The fossil record for arborescent (tree-like) lycopods is extremely good. This is because they grew over a very long period of time in extensive depositional swamp environments which reached from what is now the eastern USA to Ukraine. This meant that many of the plants became buried and fossilised. (See Fig. 1). Much later they were widely discovered during mining operations.
Fig. 1: Sketch map of the Carboniferous Coal Basins
        Partly redrawn after Glennie, K.W. (2005) in Carboniferous Hydrocarbon Geology, YGS
The Late Carboniferous coal swamps developed on a waterlogged, equatorial coastal plain, with a high rainfall that fed very large river systems. These periodically breached their banks and flooded parts of the adjacent vegetated floodplain, sometimes killing and burying the upright stems in sand. These ever changing wetland habitats became dominated by lycopods which evolved into new species according to the demands of the different habitats they were able to colonise. (See Fig. 2). Although superficially tree-like, lycopods were very different in their ecology, construction and the way they functioned, to what we call trees today.

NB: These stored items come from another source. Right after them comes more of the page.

definition Vhat :: "nat \<Rightarrow> complex mat" where
  "Vhat N = mat N N (\<lambda>(a, b). let m = real (a + 1); n = real (b + 1) in
      exp (- 2 * pi * \<i> * complex_of_real (n * (m / real N + 1 / (2 * real N))))
        / complex_of_real (sqrt (real N)))"

definition cval :: "nat \<Rightarrow> nat \<Rightarrow> real" where
  "cval N m = sqrt (1 + 1/2 * cos (2 * pi * (real m / real N)))"

definition chat :: "nat \<Rightarrow> nat \<Rightarrow> real" where
  "chat N m = sqrt (1 + 1/2 * cos (2 * pi * (real m / real N + 1 / (2 * real N))))"

definition Cmat :: "nat \<Rightarrow> nat \<Rightarrow> complex mat" where
  "Cmat N m = mat N N (\<lambda>(a, b). if a = b \<and> a + 1 = m then complex_of_real (cval N m) else 0)"

definition Chatmat :: "nat \<Rightarrow> nat \<Rightarrow> complex mat" where
  "Chatmat N m = mat N N (\<lambda>(a, b). if a = b \<and> a + 1 = m then complex_of_real (chat N m) else 0)"

definition Qmat :: "nat \<Rightarrow> nat \<Rightarrow> complex mat" where
  "Qmat N m = mat_adjoint (Vmat N) * Cmat N m * Vmat N"

definition Qhat :: "nat \<Rightarrow> nat \<Rightarrow> complex mat" where
  "Qhat N m = mat_adjoint (Vhat N) * Chatmat N m * Vhat N"

definition qf :: "complex mat \<Rightarrow> complex vec \<Rightarrow> complex" where
  "qf A z = conjugate z \<bullet> (A *\<^sub>v z)"

text \<open>S_m^{i,k}.  Both factors are real (Q_m is Hermitian), so we take the real part.\<close>
definition Sm :: "nat \<Rightarrow> nat \<Rightarrow> complex vec \<Rightarrow> complex vec \<Rightarrow> real" where
  "Sm N m si sk = Re (qf (Qmat N m) si * qf (Qmat N m) sk + qf (Qhat N m) si * qf (Qhat N m) sk)"

definition lam :: "nat \<Rightarrow> nat \<Rightarrow> nat \<Rightarrow> (nat \<Rightarrow> complex vec) \<Rightarrow> nat \<Rightarrow> real" where
  "lam N K i s m = cval N m * (\<Sum>k\<in>{1..K} - {i}. Re (qf (Qmat N m) (s k)))"

definition lamhat :: "nat \<Rightarrow> nat \<Rightarrow> nat \<Rightarrow> (nat \<Rightarrow> complex vec) \<Rightarrow> nat \<Rightarrow> real" where
  "lamhat N K i s m = chat N m * (\<Sum>k\<in>{1..K} - {i}. Re (qf (Qhat N m) (s k)))"

definition Sigma_i :: "nat \<Rightarrow> nat \<Rightarrow> nat \<Rightarrow> (nat \<Rightarrow> complex vec) \<Rightarrow> complex mat" where
  "Sigma_i N K i s = mat N N (\<lambda>(a, b). \<Sum>k\<in>{1..K} - {i}. \<Sum>m\<in>{1..N}.
      qf (Qmat N m) (s k) * Qmat N m $$ (a, b) + qf (Qhat N m) (s k) * Qhat N m $$ (a, b))"

text \<open>Minimum eigenvalue of a Hermitian matrix (its eigenvalues are real).\<close>
definition min_eig :: "complex mat \<Rightarrow> real" where
  "min_eig A = Min {x :: real. eigenvalue A (complex_of_real x)}"

definition SINR_star :: "nat \<Rightarrow> nat \<Rightarrow> nat \<Rightarrow> (nat \<Rightarrow> complex vec) \<Rightarrow> real \<Rightarrow> real \<Rightarrow> real \<Rightarrow> real" where
  "SINR_star N K i s N0 P T =
     (SUP si \<in> {si \<in> carrier_vec N. (\<Sum>j<N. (cmod (si $ j))\<^sup>2) = real N}.
        (1 / (6 * real N ^ 2) * (\<Sum>k\<in>{1..K} - {i}. \<Sum>m\<in>{1..N}. Sm N m si (s k))
          + N0 / (2 * P * T)) powr (-1/2))"

end

theory Submission
  imports Defs "Jordan_Normal_Form.Spectral_Radius" "HOL-Analysis.Convex"
begin
lemma split_energy:
  "split_weight X * (c * fnorm2 (split_plus X) + Ltheta c1 c2 A e \<theta> (split_plus X))
     + (1 - split_weight X) * (c * fnorm2 (split_minus X) + Ltheta c1 c2 A e \<theta> (split_minus X))
   = c * fnorm2 X + 2 * c * \<bar>det X\<bar> + Ltheta c1 c2 A e \<theta> X"
proof -
  have "split_weight X * Ltheta c1 c2 A e \<theta> (split_plus X)
      + (1 - split_weight X) * Ltheta c1 c2 A e \<theta> (split_minus X) = Ltheta c1 c2 A e \<theta> X"
    using Ltheta_affine[of c1 c2 A e \<theta> "split_weight X" "split_plus X" "split_minus X"]
    by (simp add: split_convex)
  moreover have "split_weight X * (c * fnorm2 (split_plus X) + Ltheta c1 c2 A e \<theta> (split_plus X))
      + (1 - split_weight X) * (c * fnorm2 (split_minus X) + Ltheta c1 c2 A e \<theta> (split_minus X))
    = c * (split_weight X * fnorm2 (split_plus X) + (1 - split_weight X) * fnorm2 (split_minus X))
      + (split_weight X * Ltheta c1 c2 A e \<theta> (split_plus X)
         + (1 - split_weight X) * Ltheta c1 c2 A e \<theta> (split_minus X))"
    by (simp add: algebra_simps)
  ultimately show ?thesis
    unfolding split_fnorm2 by (simp add: algebra_simps)
qed

definition split_switch :: "'a set \<Rightarrow> ('a \<Rightarrow> mat2) \<Rightarrow> 'a \<Rightarrow> mat2" where
  "split_switch S M x = (if x \<in> S then split_plus (M x) else split_minus (M x))"

lemma det_split_switch: "det (split_switch S M x) = 0"
  by (simp add: split_switch_def det_split)

lemma sq_integrable_split:
  assumes "sq_integrable N M"
  shows "sq_integrable N (\<lambda>x. split_plus (M x))" "sq_integrable N (\<lambda>x. split_minus (M x))"
proof -
  have [measurable]: "M \<in> borel_measurable N" using assms by (simp add: sq_integrable_def)
  show "sq_integrable N (\<lambda>x. split_plus (M x))" "sq_integrable N (\<lambda>x. split_minus (M x))"
    by (rule sq_integrable_dominated[OF _ assms fnorm2_split_le(1)], measurable)
       (rule sq_integrable_dominated[OF _ assms fnorm2_split_le(2)], measurable)
qed

lemma L2sym_split_switch:
  assumes "L2sym I M" "S \<in> sets (lebesgue_on I)"
  shows "L2sym I (split_switch S M)"
  unfolding L2sym_iff
proof
  have M: "sq_integrable (lebesgue_on I) M" using assms(1) by (simp add: L2sym_iff)
  then have [measurable]: "M \<in> borel_measurable (lebesgue_on I)" "S \<in> sets (lebesgue_on I)"
    using assms(2) by (simp_all add: sq_integrable_def)
  have "split_switch S M \<in> borel_measurable (lebesgue_on I)"
    unfolding split_switch_def by measurable
  then show "sq_integrable (lebesgue_on I) (split_switch S M)"
    by (rule sq_integrable_dominated[OF _ M, where C = 6])
       (simp add: split_switch_def fnorm2_split_le)
  have "AE x in lebesgue_on I. symmetric2 (M x)" using assms(1) by (simp add: L2sym_iff)
  then show "AE x in lebesgue_on I. symmetric2 (split_switch S M x)"
    by eventually_elim (simp add: split_switch_def symmetric2_split)
qed

context
  fixes N :: "'a measure" and M :: "'a \<Rightarrow> mat2" and S :: "nat \<Rightarrow> 'a set"
  assumes M: "sq_integrable N M" and S: "\<And>n. S n \<in> sets N"
    and osc: "\<And>h. integrable N h \<Longrightarrow>
      (\<lambda>n. \<integral>x. indicator (S n) x * h x \<partial>N) \<longlonglongrightarrow> (\<integral>x. split_weight (M x) * h x \<partial>N)"
begin

lemma tendsto_integral_split_switch:
  assumes "integrable N (\<lambda>x. F x (split_plus (M x)))" "integrable N (\<lambda>x. F x (split_minus (M x)))"
  shows "(\<lambda>n. \<integral>x. F x (split_switch (S n) M x) \<partial>N) \<longlonglongrightarrow>
    (\<integral>x. split_weight (M x) * F x (split_plus (M x))
        + (1 - split_weight (M x)) * F x (split_minus (M x)) \<partial>N)"
proof -
  have [measurable]: "M \<in> borel_measurable N" using M by (simp add: sq_integrable_def)
  have "(\<lambda>x. split_weight (M x)) \<in> borel_measurable N" by measurable
  from tendsto_integral_switch[where P = "\<lambda>x. split_plus (M x)" and Q = "\<lambda>x. split_minus (M x)",
      OF S osc this _ assms]
  show ?thesis
    by (simp add: split_switch_def split_weight_bounds)
qed

lemma tendsto_integral_frob_split_switch:
  assumes "sq_integrable N G"
  shows "(\<lambda>n. \<integral>x. frob (split_switch (S n) M x) (G x) \<partial>N) \<longlonglongrightarrow> (\<integral>x. frob (M x) (G x) \<partial>N)"
  using tendsto_integral_split_switch[of "\<lambda>x X. frob X (G x)"] sq_integrable_split[OF M] assms
  by (simp add: integrable_frob split_frob)
(* Let $G$ be an undirected unweighted graph on $n\ge 2$ vertices with strong connectivity $k\ge 1$ such that no vertex-induced subgraph of $G$ has strong connectivity at least $2k$. Then $G$ has $\Theta(nk)$ edges, i.e. there are absolute constants $a,b>0$ with $ank\le |E(G)|\le bnk$.
   Context: The strong connectivity of a graph is the size of its minimum cut (the minimum, over $\emptyset\ne S\subsetneq V$, of the number of edges between $S$ and $V\setminus S$); a graph is strongly $k$-connected if it has no cut of size less than $k$. Subgraphs considered are vertex-induced subgraphs on at least two vertices. *)

theory Defs
  imports Complex_Main
begin

definition simple_graph :: "'a set \<Rightarrow> 'a set set \<Rightarrow> bool" where
  "simple_graph V E \<longleftrightarrow> finite V \<and>
     (\<forall>e\<in>E. \<exists>u v. e = {u, v} \<and> u \<noteq> v \<and> u \<in> V \<and> v \<in> V)"

definition cut_size :: "'a set set \<Rightarrow> 'a set \<Rightarrow> nat" where
  "cut_size E S = card {e\<in>E. e \<inter> S \<noteq> {} \<and> \<not> e \<subseteq> S}"

definition strong_conn :: "'a set \<Rightarrow> 'a set set \<Rightarrow> nat" where
  "strong_conn V E = Min {cut_size E S | S. S \<noteq> {} \<and> S \<subset> V}"

definition induced_edges :: "'a set set \<Rightarrow> 'a set \<Rightarrow> 'a set set" where
  "induced_edges E W = {e\<in>E. e \<subseteq> W}"

end

theory Submission
  imports Defs
begin

text \<open>Lower bound: every vertex is a one-vertex cut, so its degree is at least k, and the
  handshake lemma gives |E| \<ge> nk/2. Upper bound: split the vertex set along a minimum cut
  of the induced subgraph, which has fewer than 2k edges, and recurse on both sides;
  this peels off at most n - 1 cuts, so |E| < 2k(n - 1).\<close>

lemma finite_cut_sizes:
  assumes "finite W"
  shows "finite {cut_size F S | S. S \<noteq> {} \<and> S \<subset> W}"
proof -
  have "{cut_size F S | S. S \<noteq> {} \<and> S \<subset> W} \<subseteq> cut_size F ` Pow W" by auto
  thus ?thesis using assms by (meson finite_Pow_iff finite_imageI finite_subset)
qed

lemma strong_conn_le_cut_size:
  assumes "finite W" "S \<noteq> {}" "S \<subset> W"
  shows "strong_conn W F \<le> cut_size F S"
  unfolding strong_conn_def using assms finite_cut_sizes[OF assms(1)] by (intro Min_le) auto

lemma strong_conn_attained:
  assumes "finite W" "card W \<ge> 2"
  obtains S where "S \<noteq> {}" "S \<subset> W" "cut_size F S = strong_conn W F"
proof -
  obtain w where w: "w \<in> W" using assms by fastforce
  have "{w} \<noteq> W" using assms by auto
  hence "{cut_size F S | S. S \<noteq> {} \<and> S \<subset> W} \<noteq> {}" using w by blast
  hence "strong_conn W F \<in> {cut_size F S | S. S \<noteq> {} \<and> S \<subset> W}"
    unfolding strong_conn_def by (rule Min_in[OF finite_cut_sizes[OF assms(1)]])
  then obtain S where "S \<noteq> {}" "S \<subset> W" "strong_conn W F = cut_size F S" by blast
  then show ?thesis by (intro that) simp_all
qed

lemma simple_graph_edgeE:
  assumes "simple_graph V E" "e \<in> E"
  obtains u v where "e = {u, v}" "u \<noteq> v" "u \<in> V" "v \<in> V"
  using assms unfolding simple_graph_def by blast

lemma simple_graph_edges_subset_Pow: "simple_graph V E \<Longrightarrow> E \<subseteq> Pow V"
  by (auto elim: simple_graph_edgeE)

lemma simple_graph_finite_edges: "simple_graph V E \<Longrightarrow> finite E"
  using simple_graph_edges_subset_Pow finite_subset unfolding simple_graph_def
  by (metis finite_Pow_iff)

lemma simple_graph_card_edge: "simple_graph V E \<Longrightarrow> e \<in> E \<Longrightarrow> card e = 2"
  by (auto elim: simple_graph_edgeE)

lemma simple_graph_no_loop: "simple_graph V E \<Longrightarrow> e \<in> E \<Longrightarrow> \<not> e \<subseteq> {v}"
  by (auto elim!: simple_graph_edgeE)

lemma simple_graph_induced_edges_self: "simple_graph V E \<Longrightarrow> induced_edges E V = E"
  using simple_graph_edges_subset_Pow unfolding induced_edges_def by auto

definition degree :: "'a set set \<Rightarrow> 'a \<Rightarrow> nat" where
  "degree E v = card {e\<in>E. v \<in> e}"

lemma handshake:
  assumes sg: "simple_graph V E"
  shows "(\<Sum>v\<in>V. degree E v) = 2 * card E"
proof -
  have finV: "finite V" using sg unfolding simple_graph_def by blast
  have EP: "E \<subseteq> Pow V" using simple_graph_edges_subset_Pow[OF sg] .
  have finE: "finite E" using simple_graph_finite_edges[OF sg] .
  have incidences: "prod.swap ` (SIGMA e:E. e) = (SIGMA v:V. {e\<in>E. v \<in> e})"
    using EP by (auto simp: image_iff) blast
  have "(\<Sum>v\<in>V. degree E v) = card (SIGMA v:V. {e\<in>E. v \<in> e})"
    unfolding degree_def using finV finE by (subst card_SigmaI) auto
  also have "\<dots> = card (SIGMA e:E. e)"
    unfolding incidences[symmetric] by (rule card_image) (simp add: swap_inj_on)
  also have "\<dots> = (\<Sum>e\<in>E. card e)"
    using finE EP finV by (subst card_SigmaI) (auto intro: finite_subset)
  also have "\<dots> = (\<Sum>e\<in>E. 2)" using simple_graph_card_edge[OF sg] by (intro sum.cong) auto
  finally show ?thesis by simp
qed

lemma cut_size_singleton:
  assumes "simple_graph V E"
  shows "cut_size E {v} = degree E v"
proof -
  have "{e\<in>E. e \<inter> {v} \<noteq> {} \<and> \<not> e \<subseteq> {v}} = {e\<in>E. v \<in> e}"
    using simple_graph_no_loop[OF assms] by blast
  then show ?thesis unfolding cut_size_def degree_def by simp
qed

lemma strong_conn_le_degree:
  assumes sg: "simple_graph V E" and "card V \<ge> 2" and "v \<in> V"
  shows "strong_conn V E \<le> degree E v"
proof -
  have "finite V" using sg unfolding simple_graph_def by blast
  moreover have "{v} \<noteq> V" using assms(2) by auto
  ultimately have "strong_conn V E \<le> cut_size E {v}"
    using assms(3) by (intro strong_conn_le_cut_size) auto
  then show ?thesis using cut_size_singleton[OF sg] by simp
qed

lemma card_vertices_strong_conn_le:
  assumes sg: "simple_graph V E" and "card V \<ge> 2"
  shows "card V * strong_conn V E \<le> 2 * card E"
proof -
  have "(\<Sum>v\<in>V. strong_conn V E) \<le> (\<Sum>v\<in>V. degree E v)"
    using strong_conn_le_degree[OF assms] by (intro sum_mono)
  thus ?thesis using handshake[OF sg] by simp
qed

lemma card_induced_edges_split:
  assumes "finite E"
  shows "card (induced_edges E W)
    \<le> card (induced_edges E S) + card (induced_edges E (W - S)) + cut_size (induced_edges E W) S"
proof -
  let ?F = "induced_edges E W"
  have cover: "?F \<subseteq> (induced_edges E S \<union> induced_edges E (W - S)) \<union> {e\<in>?F. e \<inter> S \<noteq> {} \<and> \<not> e \<subseteq> S}"
    unfolding induced_edges_def by auto
  have "card ?F \<le> card ((induced_edges E S \<union> induced_edges E (W - S))
      \<union> {e\<in>?F. e \<inter> S \<noteq> {} \<and> \<not> e \<subseteq> S})"
    by (rule card_mono[OF _ cover]) (simp add: assms induced_edges_def)
  also have "\<dots> \<le> card (induced_edges E S \<union> induced_edges E (W - S)) + cut_size ?F S"
    unfolding cut_size_def by (rule card_Un_le)
  also have "\<dots> \<le> card (induced_edges E S) + card (induced_edges E (W - S)) + cut_size ?F S"
    using card_Un_le by (intro add_right_mono)
  finally show ?thesis .
qed

lemma card_psubset_split:
  assumes "finite W" "S \<noteq> {}" "S \<subset> W"
  shows "(card S - 1) + (card (W - S) - 1) + 1 = card W - 1"
proof -
  have "finite S" using assms(1,3) finite_subset by blast
  have "card S < card W" using assms(1,3) by (rule psubset_card_mono)
  moreover have "card (W - S) = card W - card S"
    using \<open>finite S\<close> assms(3) by (simp add: card_Diff_subset)
  moreover have "card S > 0" using \<open>finite S\<close> assms(2) by (simp add: card_gt_0_iff)
  ultimately show ?thesis by linarith
qed

lemma card_induced_edges_le_by_strong_conn:
  assumes sg: "simple_graph V E"
    and sparse: "\<And>W. W \<subseteq> V \<Longrightarrow> card W \<ge> 2 \<Longrightarrow> strong_conn W (induced_edges E W) \<le> c"
  shows "W \<subseteq> V \<Longrightarrow> W \<noteq> {} \<Longrightarrow> card (induced_edges E W) \<le> c * (card W - 1)"
proof (induction "card W" arbitrary: W rule: less_induct)
  case less
  have finW: "finite W"
    using less.prems(1) sg finite_subset unfolding simple_graph_def by blast
  show ?case
  proof (cases "card W \<ge> 2")
    case False
    moreover have "card W > 0" using finW less.prems(2) by (simp add: card_gt_0_iff)
    ultimately have "card W = 1" by linarith
    then obtain w where "W = {w}" by (rule card_1_singletonE)
    then show ?thesis using simple_graph_no_loop[OF sg] by (simp add: induced_edges_def)
  next
    case True
    let ?F = "induced_edges E W"
    obtain S where S: "S \<noteq> {}" "S \<subset> W" "cut_size ?F S = strong_conn W ?F"
      using strong_conn_attained[OF finW True] by blast
    define T where "T = W - S"
    have T: "T \<noteq> {}" "T \<subset> W" using S unfolding T_def by auto
    have "card S < card W" "card T < card W"
      using S(2) T(2) finW psubset_card_mono by blast+
    hence IH: "card (induced_edges E S) \<le> c * (card S - 1)"
      "card (induced_edges E T) \<le> c * (card T - 1)"
      using less.hyps S T less.prems(1) by (meson psubset_imp_subset subset_trans)+
    have cut: "cut_size ?F S \<le> c" using S(3) sparse less.prems(1) True by simp
    have vertices: "(card S - 1) + (card T - 1) + 1 = card W - 1"
      using card_psubset_split[OF finW S(1,2)] unfolding T_def .
    have "card ?F \<le> card (induced_edges E S) + card (induced_edges E T) + cut_size ?F S"
      unfolding T_def by (rule card_induced_edges_split[OF simple_graph_finite_edges[OF sg]])
    also have "\<dots> \<le> c * (card S - 1) + c * (card T - 1) + c"
      using IH cut by linarith
    also have "\<dots> = c * (card W - 1)"
      unfolding vertices[symmetric] by (simp add: distrib_left)
    finally show ?thesis .
  qed
qed

lemma card_edges_le_by_strong_conn:
  assumes sg: "simple_graph V E" and "V \<noteq> {}"
    and "\<And>W. W \<subseteq> V \<Longrightarrow> card W \<ge> 2 \<Longrightarrow> strong_conn W (induced_edges E W) \<le> c"
  shows "card E \<le> c * (card V - 1)"
  using card_induced_edges_le_by_strong_conn[OF assms(1,3), of V] assms(2)
  by (simp add: simple_graph_induced_edges_self[OF sg])

theorem mainTheorem11:
  "\<exists>a b :: real. a > 0 \<and> b > 0 \<and>
    (\<forall>(V :: nat set) (E :: nat set set) (k :: nat).
       simple_graph V E \<and> card V \<ge> 2 \<and> k \<ge> 1 \<and> strong_conn V E = k \<and>
       (\<forall>W. W \<subseteq> V \<and> card W \<ge> 2 \<longrightarrow> strong_conn W (induced_edges E W) < 2 * k)
       \<longrightarrow> a * real (card V) * real k \<le> real (card E) \<and>
           real (card E) \<le> b * real (card V) * real k)"
proof (rule exI[of _ "1/2"], rule exI[of _ 2], intro conjI allI impI; (elim conjE)?)
  fix V :: "nat set" and E :: "nat set set" and k :: nat
  assume sg: "simple_graph V E" and two: "card V \<ge> 2" and "k \<ge> 1" and k: "strong_conn V E = k"
    and sparse: "\<forall>W. W \<subseteq> V \<and> card W \<ge> 2 \<longrightarrow> strong_conn W (induced_edges E W) < 2 * k"
  have "card V * k \<le> 2 * card E"
    using card_vertices_strong_conn_le[OF sg two] k by simp
  then have "real (card V * k) \<le> real (2 * card E)" by (rule of_nat_mono)
  then show "1/2 * real (card V) * real k \<le> real (card E)" by simp
  have "V \<noteq> {}" using two by auto
  moreover have "strong_conn W (induced_edges E W) \<le> 2 * k - 1" if "W \<subseteq> V" "card W \<ge> 2" for W
  proof -
    have "strong_conn W (induced_edges E W) < 2 * k" using sparse that by blast
    then show ?thesis by linarith
  qed
  ultimately have "card E \<le> (2 * k - 1) * (card V - 1)"
    by (rule card_edges_le_by_strong_conn[OF sg])
  also have "\<dots> \<le> 2 * k * card V" by (intro mult_le_mono diff_le_self)
  finally have "real (card E) \<le> real (2 * k * card V)" by (rule of_nat_mono)
  then show "real (card E) \<le> 2 * real (card V) * real k" by (simp add: mult_ac)
qed simp_all

end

The Main Lycopod genera of the Coal Swamps
The coal swamp terrain had a variety of habitats and water depths, some with peat substrate and some with clastic sediment substrates, like mud and silt. The geological evidence indicates that five species of arborescent lycopod dominated the coal swamp environments, with relatively fewer other plants growing alongside.
Fig. 2: Sketch Section across a Coal Measures peat swamp. Redrawn from Taylor et al.
Lepidodendron
These plants grew on the edges of coal swamps. At maturity they developed cones (strobili) up to 40 cm in length on the ends of the crown branches which then shed male microspores and female macrospores into the waters below. Recent work has led to the renaming of several species that were originally included in Lepidodendron into new groups called Synchysidendron and Diaphorodendron.

Synchysidendron
There are two species in this genus, S. dicentricum (formerly Lepidodendron dicentricumand S. resinosumMembers of this group grew in swamps with clastic soils, only infrequently establishing themselves on the edge of a hostile peat swamp area. They had a thick cortex and could probably withstand long periods of flooding. They grew rapidly as an unbranched, leafy pole to exceed 35 metres in height, with some species then branching to form a crown with strobili, just once, before it died. The spores were released from a great height to be dispersed by wind and water.

Diaphorodendron
Members of this group all look very similar, but fall into two reproductive groups: polycarps, that produce cones many times in a lifetime, and monocarps, that produce cones only once, at maturity, just before death. Both are found in peat and clastic swamps. The polycarps seem to favour areas of infrequent and irregular disturbance, whilst monocarps attained large sizes, able to survive in disturbed areas for long periods. Monocarp forms grew to 30 metres tall as an unbranched pole-like trunk till the crown, and cones, formed at maturity. The polycarp forms developed limited side branches that later fell away. These bore a more limited number of cones, but cone production recurred several times over a lifetime.

Lepidophloios
This group, above all the others, provides the coal swamp lycopod of the geological record. They were abundant in the peat forming environment, tolerant of long periods of standing water and low nutrient soils. They are found fossilised in low diversity plant assemblages as the dominant genus, surviving in environments that precluded many other plants. They grew as a tall straight trunk, only forming cone-bearing branches at the top at maturity. The cones broke up during dispersal and fell from the crown in sections called aquacarps. They had a leaf laminae as a "wing" to help wind dispersal, and then keep them afloat on the water until they were fertilized and able to develop and grow in new areas.

Sigillaria
 This group rarely grew in coal swamps, instead seemed to favour mainly drier, clastic soils which were alongside river channels. The leaf base pattern is distinctive, each being hexagonal in shape, and spiralling around the stem, but lining up longitudinally along the stem to form vertical rows. Sigillaria have deeper and stronger stigmarian roots than other scale trees, to reach the deeper water table and anchor the plant. The tall trunks had almost no branches, except when cone bearing. It was straight, branching dichotomously at the top only at maturity. Here, the plant bore many leaves. The cones broke up during water borne dispersal to other channel-side locations. This group is the only one where a cyclical reproductive pattern has been detected. The cycles were probably linked to wet/dry environmental changes to maximise successful colonisation. They are found fossilised with seed ferns. The latter are lower growing plants that would have formed an understorey in the plant structure.

Paralycopodites
This group grew most abundantly in the transition from peat to clastic substrates, and is often found fossilised with seed ferns in the Westphalian "D". It appears to colonise open, disturbed, nutrient rich areas that were probably not affected by long term flooding. It has been reconstructed as a small tree that produced opposing rows of lateral branches that were deciduous (they dropped off) and had numerous cones at the end. Crown branching only occurred at maturity. Spores were released continuously over an extended life span, with re-colonisation assisted by water dispersal.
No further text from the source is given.